Conférence de Patrick Buisson, vendredi dernier en soirée au Cercle de Flore.
Au Cercle de Flore, c'est à dire à l'Action Française, dans ces locaux du 10 rue Croix-des-Petits-Champs où l'AF a vécu vaille que vaille les soixante ou soixante-dix dernières années de son histoire. Donc la moitié. Pas toujours au niveau d'intelligence politique suffisant pour peser sur les esprits et sur les événements. Toujours avec courage et fidélité. Et souvent de ces retours d'intérêt et de passion française que l'Action Française parvient régulièrement à éveiller parmi les jeunes de diverses époques. On sait que tel est le cas ces temps-ci, ce qui, par contrecoup, réveille les moins-jeunes.
Buisson sait de quoi il retourne : son père était Camelot du Roi. Il connaît la maison. Ecole de pensée et mouvement. Et il n'est pas homme à négliger les héritages. Familiaux, intellectuels et politiques. Si NKM a jamais dit une vérité, ce fut lorsqu'elle alerta bruyamment sur le fait que Buisson ne voulait pas faire gagner Sarkozy mais les idées de Charles Maurras. Si nous étions tentés d'y acquiescer, Buisson rectifierait à bon droit : Non ! Les idées de salut national.
Dans cette petite salle, l'une de celles où l'AF vit sa vie ordinaire, après une présentation à laquelle il trouvera des allures de casier judiciaire, Patrick Buisson, d'emblée, parle de grande politique, comme l'eussent fait Maurras, Bainville ou Boutang, mais avec toutes les ressources ajoutées de l'historiographie contemporaine, singulièrement enrichie au cours du demi-siècle écoulé.

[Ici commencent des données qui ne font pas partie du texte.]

lemma recurrence_iterate_bound:
  fixes L :: "nat \<Rightarrow> nat"
  assumes "K \<ge> 1" "\<And>N. L N \<le> N" "\<And>N. L N \<le> K + (K - 1) * L (N div K)"
  shows "L N \<le> t * K ^ t + (K - 1) ^ t * (N div K ^ t)"
proof (induction t arbitrary: N)
  case 0
  then show ?case using assms(2) by simp
next
  case (Suc t)
  have "L N \<le> K + (K - 1) * L (N div K)" by (rule assms(3))
  also have "\<dots> \<le> K + (K - 1) * (t * K ^ t + (K - 1) ^ t * (N div K div K ^ t))"
    using Suc.IH by (intro add_left_mono mult_left_mono) auto
  also have "\<dots> = K + (K - 1) * t * K ^ t + (K - 1) ^ Suc t * (N div K ^ Suc t)"
  proof -
    have "K + x * (t * K ^ t + x ^ t * y) = K + x * t * K ^ t + x ^ Suc t * y" for x y :: nat
      by (simp add: algebra_simps)
    then show ?thesis by (simp add: div_mult2_eq)
  qed
  also have "K + (K - 1) * t * K ^ t \<le> Suc t * K ^ Suc t"
    using add_le_mono[of K "K * K ^ t" "(K - 1) * t * K ^ t" "t * (K * K ^ t)"] assms(1)
    by (simp add: mult_le_mono)
  finally show ?case by simp
qed

lemma density_zero_of_recurrence:
  fixes L :: "nat \<Rightarrow> nat"
  assumes "K \<ge> 1" "\<And>N. L N \<le> N" "\<And>N. L N \<le> K + (K - 1) * L (N div K)"
  shows "(\<lambda>N. real (L N) / real N) \<longlonglongrightarrow> 0"
proof (rule order_tendstoI)
  fix y :: real assume "y < 0"
  have "y < real (L N) / real N" for N
    using \<open>y < 0\<close> divide_nonneg_nonneg[of "real (L N)" "real N"] by linarith
  then show "eventually (\<lambda>N. y < real (L N) / real N) sequentially"
    by (simp add: always_eventually)
next
  fix \<epsilon> :: real assume "\<epsilon> > 0"
  define \<rho> where "\<rho> = real (K - 1) / real K"
  have "\<rho> < 1" using assms(1) by (simp add: \<rho>_def)
  then obtain t where t: "\<rho> ^ t < \<epsilon> / 2"
    using real_arch_pow_inv[of "\<epsilon> / 2" \<rho>] \<open>\<epsilon> > 0\<close> by auto
  have "eventually (\<lambda>N. real (t * K ^ t) / real N < \<epsilon> / 2) sequentially"
    using lim_const_over_n[of "real (t * K ^ t)"] by (rule order_tendstoD(2)) (simp add: \<open>\<epsilon> > 0\<close>)
  then show "eventually (\<lambda>N. real (L N) / real N < \<epsilon>) sequentially"
    using eventually_gt_at_top[of 0]
  proof eventually_elim
    case (elim N)
    have "real (L N) \<le> real (t * K ^ t) + real (K - 1) ^ t * real (N div K ^ t)"
      using recurrence_iterate_bound[OF assms, of N t]
      by (metis of_nat_add of_nat_le_iff of_nat_mult of_nat_power)
    also have "\<dots> \<le> real (t * K ^ t) + real (K - 1) ^ t * (real N / real K ^ t)"
      by (intro add_left_mono mult_left_mono)
        (auto simp flip: of_nat_power intro: of_nat_div_le_of_nat)
    also have "\<dots> = real (t * K ^ t) + \<rho> ^ t * real N"
      by (simp add: \<rho>_def power_divide)
    finally have "real (L N) / real N \<le> real (t * K ^ t) / real N + \<rho> ^ t"
      using elim by (simp add: field_simps)
    then show ?case using elim t by linarith
  qed
qed

lemma log_average_not_tendsto_zero:
  fixes f :: "nat \<Rightarrow> real" and m b :: nat
  assumes nonneg: "\<And>n. f n \<ge> 0" and "m \<ge> 1" "b \<ge> 2" "c > 0"
    and block: "\<And>T. (\<Sum>n\<in>{m * b ^ T..<m * b ^ Suc T}. f n) \<ge> c"
  shows "\<not> (\<lambda>N. (\<Sum>n\<in>{1..N}. f n) / ln (real N)) \<longlonglongrightarrow> 0"
proof
  assume lim: "(\<lambda>N. (\<Sum>n\<in>{1..N}. f n) / ln (real N)) \<longlonglongrightarrow> 0"
  define NT where "NT T = m * b ^ T" for T
  define A where "A = ln (real m) + ln (real b)"
  have "ln (real m) \<ge> 0" "ln (real b) > 0" using assms by simp_all
  then have "A > 0" by (simp add: A_def)
  have "m \<le> NT T" "NT T \<le> NT (Suc T)" for T
    using assms by (simp_all add: NT_def)
  have partial: "(\<Sum>n\<in>{m..<NT T}. f n) \<ge> real T * c" for T
  proof (induction T)
    case 0
    show ?case by (simp add: NT_def)
  next
    case (Suc T)
    have "(\<Sum>n\<in>{m..<NT (Suc T)}. f n)
        = (\<Sum>n\<in>{m..<NT T}. f n) + (\<Sum>n\<in>{NT T..<NT (Suc T)}. f n)"
      using \<open>m \<le> NT T\<close> \<open>NT T \<le> NT (Suc T)\<close> by (simp add: sum.atLeastLessThan_concat)
    then show ?case using Suc.IH block[of T] by (simp add: NT_def algebra_simps)
  qed
  have bound: "c / A \<le> (\<Sum>n\<in>{1..NT T}. f n) / ln (real (NT T))" if "T \<ge> 1" for T
  proof -
    have ln_NT: "ln (real (NT T)) = ln (real m) + real T * ln (real b)"
      using assms by (simp add: NT_def ln_mult ln_realpow)
    have "0 < real T * ln (real b)" using \<open>ln (real b) > 0\<close> that by simp
    then have "0 < ln (real (NT T))" using ln_NT \<open>ln (real m) \<ge> 0\<close> by linarith
    moreover have "ln (real (NT T)) \<le> real T * A"
      using ln_NT \<open>ln (real m) \<ge> 0\<close> that mult_right_mono[of 1 "real T" "ln (real m)"]
      by (simp add: A_def algebra_simps)
    moreover have "(\<Sum>n\<in>{m..<NT T}. f n) \<le> (\<Sum>n\<in>{1..NT T}. f n)"
      by (rule sum_mono2) (use nonneg assms(2) in auto)
    ultimately have "real T * c / (real T * A) \<le> (\<Sum>n\<in>{1..NT T}. f n) / ln (real (NT T))"
      using partial[of T] \<open>c > 0\<close> \<open>A > 0\<close> that
      by (intro frac_le) (auto intro: order.trans sum_nonneg nonneg)
    then show ?thesis using that by simp
  qed
  have "strict_mono NT"
    by (rule strict_monoI_Suc) (use assms in \<open>simp add: NT_def\<close>)
  then have "(\<lambda>T. (\<Sum>n\<in>{1..NT T}. f n) / ln (real (NT T))) \<longlonglongrightarrow> 0"
    using LIMSEQ_subseq_LIMSEQ[OF lim] by (simp add: o_def)
  then have "eventually (\<lambda>T. (\<Sum>n\<in>{1..NT T}. f n) / ln (real (NT T)) < c / A) sequentially"
    by (rule order_tendstoD(2)) (use \<open>c > 0\<close> \<open>A > 0\<close> in simp)
  then obtain T where "T \<ge> 1" "(\<Sum>n\<in>{1..NT T}. f n) / ln (real (NT T)) < c / A"
    using eventually_happens'[OF sequentially_bot eventually_conj[OF eventually_ge_at_top]] by blast
  with bound[OF \<open>T \<ge> 1\<close>] show False by linarith
qed
lemma A2_mass_eq_A1_mass:
  assumes "\<beta> > 0"
  shows "(LINT z:(A2::(real^'n) set)|lborel. gauss \<beta> (\<chi> i. b) z) = (LINT z:(A1::(real^'n) set)|lborel. gauss \<beta> (\<chi> i. - b) z)"
proof -
  have "(LINT z:{z. ones \<bullet> z \<ge> 0}|lborel. gauss \<beta> (- (\<chi> i. - b)) (z::real^'n))
      = (LINT z:{z. ones \<bullet> z < 0}|lborel. gauss \<beta> (\<chi> i. - b) (z::real^'n))"
    by (rule gauss_halfspace_reflect[OF assms ones_nonzero])
  moreover have "- (\<chi> i. - b) = (\<chi> i. b :: real^'n)" by (simp add: vec_eq_iff)
  ultimately show ?thesis unfolding A1_halfspace A2_halfspace by simp
qed

lemma A1_mass_ge_half:
  assumes "\<beta> > 0" "b > 0"
  shows "1/2 \<le> (LINT z:(A1::(real^'n) set)|lborel. gauss \<beta> (\<chi> i. - b) z)"
  unfolding A1_halfspace using assms
  by (intro gauss_halfspace_ge_half) (simp_all add: ones_def inner_vec_def)

definition normal_powr_const :: "nat \<Rightarrow> real \<Rightarrow> real" where
  "normal_powr_const n \<beta> = (2*pi) powr (- real n * \<beta> / 2) / (\<beta> / (2*pi)) powr (real n / 2)"

lemma normal_powr_const_pos: "\<beta> > 0 \<Longrightarrow> normal_powr_const n \<beta> > 0"
  by (simp add: normal_powr_const_def)

lemma normal_id_dens_powr:
  fixes \<mu> z :: "real^'n"
  assumes "\<beta> > 0" "u > 0"
  shows "(u * normal_id_dens \<mu> z) powr \<beta> = u powr \<beta> * normal_powr_const CARD('n) \<beta> * gauss \<beta> \<mu> z"
proof -
  have "(u * normal_id_dens \<mu> z) powr \<beta>
      = u powr \<beta> * ((2 * pi) powr (- real CARD('n) / 2)) powr \<beta> * exp (- (norm (z - \<mu>))\<^sup>2 / 2) powr \<beta>"
    by (simp add: normal_id_dens_def powr_mult)
  also have "\<dots> = u powr \<beta> * (2 * pi) powr (- real CARD('n) * \<beta> / 2) * exp (- \<beta> * (norm (z - \<mu>))\<^sup>2 / 2)"
    by (simp add: powr_powr exp_powr_real mult.commute)
  finally show ?thesis
    using assms by (simp add: normal_powr_const_def gauss_def)
qed

(* Since the two components of the target live on disjoint sets, its tempered power is a
   mixture of two restricted Gaussians of precision beta. *)
lemma pi_tilde_powr:
  fixes z :: "real^'n"
  assumes "\<beta> > 0" "0 < a" "a < 1"
  shows "pi_tilde a b z powr \<beta> = normal_powr_const CARD('n) \<beta> *
           (a powr \<beta> * (indicator A1 z * gauss \<beta> (\<chi> i. - b) z)
            + (1 - a) powr \<beta> * (indicator A2 z * gauss \<beta> (\<chi> i. b) z))"
proof (cases "z \<in> A1")
  case True
  then have "z \<notin> A2" by (simp add: A1_def A2_def)
  then show ?thesis using True normal_id_dens_powr[of \<beta> a "\<chi> i. - b" z] assms
    by (simp add: pi_tilde_def)
next
  case False
  then have "z \<in> A2" by (simp add: A1_def A2_def)
  then show ?thesis using False normal_id_dens_powr[of \<beta> "1 - a" "\<chi> i. b" z] assms
    by (simp add: pi_tilde_def)
qed

lemma pi_tilde_powr_integral:
  assumes "\<beta> > 0" "0 < a" "a < 1"
  shows "(\<integral>z. pi_tilde a b (z :: real^'n) powr \<beta> \<partial>lborel)
       = normal_powr_const CARD('n) \<beta> * (a powr \<beta> + (1 - a) powr \<beta>)
         * (LINT z:(A1::(real^'n) set)|lborel. gauss \<beta> (\<chi> i. - b) z)"
proof -
  let ?g1 = "\<lambda>z::real^'n. indicator A1 z * gauss \<beta> (\<chi> i. - b) z"
  let ?g2 = "\<lambda>z::real^'n. indicator A2 z * gauss \<beta> (\<chi> i. b) z"
  have int: "integrable lborel ?g1" "integrable lborel ?g2"
    using gauss_set_integrable[OF assms(1) A1_sets] gauss_set_integrable[OF assms(1) A2_sets]
    by (simp_all add: set_integrable_def)
  have "(\<integral>z. pi_tilde a b (z :: real^'n) powr \<beta> \<partial>lborel)
      = normal_powr_const CARD('n) \<beta> * (a powr \<beta> * integral\<^sup>L lborel ?g1 + (1 - a) powr \<beta> * integral\<^sup>L lborel ?g2)"
    using int by (simp add: pi_tilde_powr[OF assms])
  then show ?thesis
    using A2_mass_eq_A1_mass[OF assms(1), of b, where 'n='n]
    by (simp add: set_lebesgue_integral_def algebra_simps)
qed

definition tempered_component :: "real \<Rightarrow> real \<Rightarrow> (real^'n) set \<Rightarrow> real^'n \<Rightarrow> real \<Rightarrow> real \<Rightarrow> bool" where
  "tempered_component a b A \<mu> x y \<longleftrightarrow>
     A \<in> sets lborel \<and>
     (\<forall>\<beta>>0. 1/2 \<le> (LINT z:A|lborel. gauss \<beta> \<mu> z)) \<and>
     (\<forall>\<beta>>0. \<forall>z\<in>A. pi_temp a b \<beta> z = share x y \<beta> * gauss \<beta> \<mu> z / (LINT z:A|lborel. gauss \<beta> \<mu> z))"

lemma tempered_component_A1:
  assumes "0 < a" "a < 1" "b > 0"
  shows "tempered_component a b A1 (\<chi> i. - b) a (1 - a)"
  unfolding tempered_component_def
proof (intro conjI allI impI ballI)
  fix \<beta> :: real and z :: "real^'n" assume \<beta>: "\<beta> > 0" and z: "z \<in> A1"
  let ?m = "LINT z:(A1::(real^'n) set)|lborel. gauss \<beta> (\<chi> i. - b) z"
  have pos: "0 < normal_powr_const CARD('n) \<beta>" "0 < a powr \<beta> + (1 - a) powr \<beta>" "0 < ?m"
    using normal_powr_const_pos[OF \<beta>] A1_mass_ge_half[OF \<beta> assms(3), where 'n='n] assms
    by (auto intro: add_pos_pos)
  have "z \<notin> A2" using z by (simp add: A1_def A2_def)
  then have "pi_temp a b \<beta> z = normal_powr_const CARD('n) \<beta> * (a powr \<beta> * gauss \<beta> (\<chi> i. - b) z)
      / (normal_powr_const CARD('n) \<beta> * (a powr \<beta> + (1 - a) powr \<beta>) * ?m)"
    unfolding pi_temp_def pi_tilde_powr_integral[OF \<beta> assms(1,2)]
    using z by (simp add: pi_tilde_powr[OF \<beta> assms(1,2)])
  also have "\<dots> = share a (1 - a) \<beta> * gauss \<beta> (\<chi> i. - b) z / ?m"
    using pos by (simp add: share_def)
  finally show "pi_temp a b \<beta> z = share a (1 - a) \<beta> * gauss \<beta> (\<chi> i. - b) z / ?m" .
qed (use A1_mass_ge_half A1_sets assms in auto)

lemma tempered_component_A2:
  assumes "0 < a" "a < 1" "b > 0"
  shows "tempered_component a b A2 (\<chi> i. b) (1 - a) a"
  unfolding tempered_component_def
proof (intro conjI allI impI ballI)
  fix \<beta> :: real assume \<beta>: "\<beta> > 0"
  show "1/2 \<le> (LINT z:(A2::(real^'n) set)|lborel. gauss \<beta> (\<chi> i. b) z)"
    using A1_mass_ge_half[OF \<beta> assms(3)] A2_mass_eq_A1_mass[OF \<beta>, of b, where 'n='n] by simp
  fix z :: "real^'n" assume z: "z \<in> A2"
  let ?m = "LINT z:(A2::(real^'n) set)|lborel. gauss \<beta> (\<chi> i. b) z"
  have m: "(LINT z:(A1::(real^'n) set)|lborel. gauss \<beta> (\<chi> i. - b) z) = ?m"
    using A2_mass_eq_A1_mass[OF \<beta>, of b, where 'n='n] by simp
  have pos: "0 < normal_powr_const CARD('n) \<beta>" "0 < a powr \<beta> + (1 - a) powr \<beta>" "0 < ?m"
    using normal_powr_const_pos[OF \<beta>] A1_mass_ge_half[OF \<beta> assms(3), where 'n='n] assms m
    by (auto intro: add_pos_pos)
  have "z \<notin> A1" using z by (simp add: A1_def A2_def)
  then have "pi_temp a b \<beta> z = normal_powr_const CARD('n) \<beta> * ((1 - a) powr \<beta> * gauss \<beta> (\<chi> i. b) z)
      / (normal_powr_const CARD('n) \<beta> * (a powr \<beta> + (1 - a) powr \<beta>) * ?m)"
    unfolding pi_temp_def pi_tilde_powr_integral[OF \<beta> assms(1,2)] m
    using z by (simp add: pi_tilde_powr[OF \<beta> assms(1,2)])
  also have "\<dots> = share (1 - a) a \<beta> * gauss \<beta> (\<chi> i. b) z / ?m"
    using pos by (simp add: share_def add.commute)
  finally show "pi_temp a b \<beta> z = share (1 - a) a \<beta> * gauss \<beta> (\<chi> i. b) z / ?m" .
qed (use A2_sets in simp)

D'emblée, il renvoie la République d'aujourd'hui à son origine - le populicide vendéen, la Terreur, la dictature totalitaire d'une oligarchie, le mépris du peuple - et cette origine - nécessaire, non pas contingente, fondement, non pas accident - à la République dans son incarnation présente. Car l'une et l'autre se répondent, se correspondent. Cette dialectique sans cesse activée, sans cesse appliquée à tous les aspects possibles de la question sociale et politique française, cette dialectique maintenue au long d'une conférence plutôt longue mais qui ne lasse jamais, apparaît à l'auditeur subjugué, d'une redoutable efficacité. D'un bout à l'autre de l'histoire, de l'origine à son aboutissement provisoire actuel, la République est un bloc. Sa nature est dans son origine comme dans ses avatars. Son origine détermine sa logique et la rend intelligible.
L'auditoire n'ignore rien de Patrick Buisson. L'on sait bien que cet homme qui analyse la République avec une telle sévérité, une telle radicalité, a été au cœur du pouvoir. Qu'il avait convaincu celui qui le convoitait puis l'avait emporté et le détenait, d'une stratégie de rupture et de salut. Laquelle n'a pu aboutir à cause de la faiblesse de caractère et de conviction du président de la République et sans-doute aussi à cause des pesanteurs du Système. De sa volonté de persévérer dans son être.
Après la conférence, repas à quelques-uns avec Buisson, où la conversation se prolonge. L'un des convives (le président de l'historique Union Royaliste Provençale) pose cette question : « si vous deviez conseiller les royalistes, que leur diriez-vous ? »
Réponse de Buisson : « Macron a liquidé les partis ; il entend restituer au pouvoir sa verticalité ; il construit une monarchie républicaine. Fort bien. Nous voulons mener les choses à leur terme ; nous réclamons une monarchie véritable ».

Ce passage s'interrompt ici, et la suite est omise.